A parte de mis ratos de ocio donde solía leer algún texto clásico de los escritores romanos o
griegos, abordé la conclusión del proyecto que arrastraba en mi cabeza desde hacía un tiempo, impulsada
por realizar algo bello donde dar gracias a Dios, y cumplir mi promesa a San Juan Evangelista por
socorrerme cuando lo necesité. Se trataba de diseñar un mausoleo junto a la basílica dedicada a la Santa
Cruz. Las obras de la iglesia se iniciaron como sabéis, durante mi regencia y casi se hallaban terminadas, a
falta del boceto y ejecución del pequeño mausoleo. Emprendí los primeros dibujos lineales resguardada, en
lo qué fue el tablinium de Constancio, al poco tiempo me adapté a esa estancia que era como mi evasión
diaria de ajetreos, ruidos o alborotos. Soñaba con ver los mosaicos de azul profundo, las palomas
revolotear que yo imaginaba y respirar la calma que deben tener los panteones. En mi mente era bellísimo.
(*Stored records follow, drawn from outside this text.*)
lemma Cfun_bump_in_cozero:
  assumes g: "continuous_map Z euclideanreal g" and z: "z \<in> topspace Z" "g z \<noteq> 0"
  obtains f where "f \<in> Cfun Z" "\<forall>x. f x \<le> 1" "f z = 1" "\<forall>x\<in>topspace Z. f x \<noteq> 0 \<longrightarrow> g x \<noteq> 0"
proof -
  obtain n where "1 / \<bar>g z\<bar> < real n"
    using reals_Archimedean2 by blast
  then have n: "1 < real n * \<bar>g z\<bar>"
    using z(2) by (simp add: field_simps)
  define f where "f x = (if x \<in> topspace Z then min 1 (real n * \<bar>g x\<bar>) else 0)" for x
  have "f \<in> Cfun Z"
    unfolding f_def using g by (intro Cfun_restrict continuous_intros)
  moreover have "\<forall>x. f x \<le> 1" "f z = 1" "\<forall>x\<in>topspace Z. f x \<noteq> 0 \<longrightarrow> g x \<noteq> 0"
    using z n by (auto simp: f_def)
  ultimately show thesis
    using that by blast
qed

lemma is_sup_C_imp_cozero_dense:
  assumes sup: "is_sup_C Z S s" and e: "e > 0"
  shows "cozero_dense Z (\<Union>f\<in>S. {z\<in>topspace Z. s z - e < f z})"
  unfolding cozero_dense_def
proof (intro allI impI notI)
  fix C assume C: "cozero_set Z C \<and> C \<noteq> {}"
    and disjoint: "C \<inter> (\<Union>f\<in>S. {z\<in>topspace Z. s z - e < f z}) = {}"
  obtain g where g: "continuous_map Z euclideanreal g" "C = {z\<in>topspace Z. g z \<noteq> 0}"
    using C unfolding cozero_set_def by blast
  have s: "s \<in> Cfun Z" "\<forall>f\<in>S. Cle Z f s"
    using sup unfolding is_sup_C_def by auto
  \<comment> \<open>lowering s by e on C gives a smaller upper bound\<close>
  define u where "u z = (if z \<in> topspace Z then s z - e * min 1 \<bar>g z\<bar> else 0)" for z
  have u: "u \<in> Cfun Z"
    unfolding u_def using g(1) Cfun_imp_continuous_map[OF s(1)]
    by (intro Cfun_restrict continuous_intros)
  have "Cle Z f u" if f: "f \<in> S" for f
    unfolding Cle_def
  proof
    fix z assume z: "z \<in> topspace Z"
    show "f z \<le> u z"
    proof (cases "g z = 0")
      case True
      then show ?thesis
        using s(2) f z unfolding Cle_def u_def by auto
    next
      case False
      then have "\<not> s z - e < f z"
        using disjoint f z g(2) by blast
      then have "f z \<le> s z - e"
        by linarith
      moreover have "e * min 1 \<bar>g z\<bar> \<le> e"
        using e by (simp add: mult_left_le)
      ultimately show ?thesis
        unfolding u_def using z by auto
    qed
  qed
  then have "Cle Z s u"
    using sup u unfolding is_sup_C_def by auto
  moreover obtain z where "z \<in> topspace Z" "g z \<noteq> 0"
    using C g(2) by auto
  moreover have "u z < s z" if "z \<in> topspace Z" "g z \<noteq> 0" for z
    using that e unfolding u_def by auto
  ultimately show False
    unfolding Cle_def by force
qed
Últimamente llevaba una existencia recogida y dedicada a las obras de caridad y así, contribuí a sufragar
gastos para conclusión y embellecimiento de las Basílica de San Juan Laterano y San Pablo Extramuros.
Acabo este testimonio de mis vivencias y recuerdos con la fe puesta en Cristo y el consuelo de
vuestra comprensión; anhelo un perdón para mi impulsividad, mi coraje, cóleras o soberbia con la certeza
de que sabréis perdonarme. Mis sueños son a partir de ahora rezar por vuestra felicidad para que la vida os
acaricie en lugar de amargaros, que os mime en vez de oprimiros y que los tres sintamos la paz que Dios
promete a los seres que le aman. No preocupaos por mí, estoy muy orgullosa de vosotros y me siento
plenamente feliz. En tantas ocasiones he estado a las puertas de la muerte, que ahora que tengo sobrada
edad, no me aflige ningún temor; aguardo con esperanza, confiada en una vida plena con calma y paz
como Jesús nos dice.
A lo largo de mi vida he pasado por tantas vicisitudes que a veces no sé quién soy. Además de ser
princesa Imperial de Roma, fui nieta, hija, hermana, esposa y madre de emperadores romanos; prisionera
de los godos; esposa de un enemigo de Roma; reina de los visigodos, casada con un magister militum y
por último, regente del gobierno del Imperio Romano en Occidente.
Y ahora, gracias a Dios, ahora simplemente soy: ¡una mujer!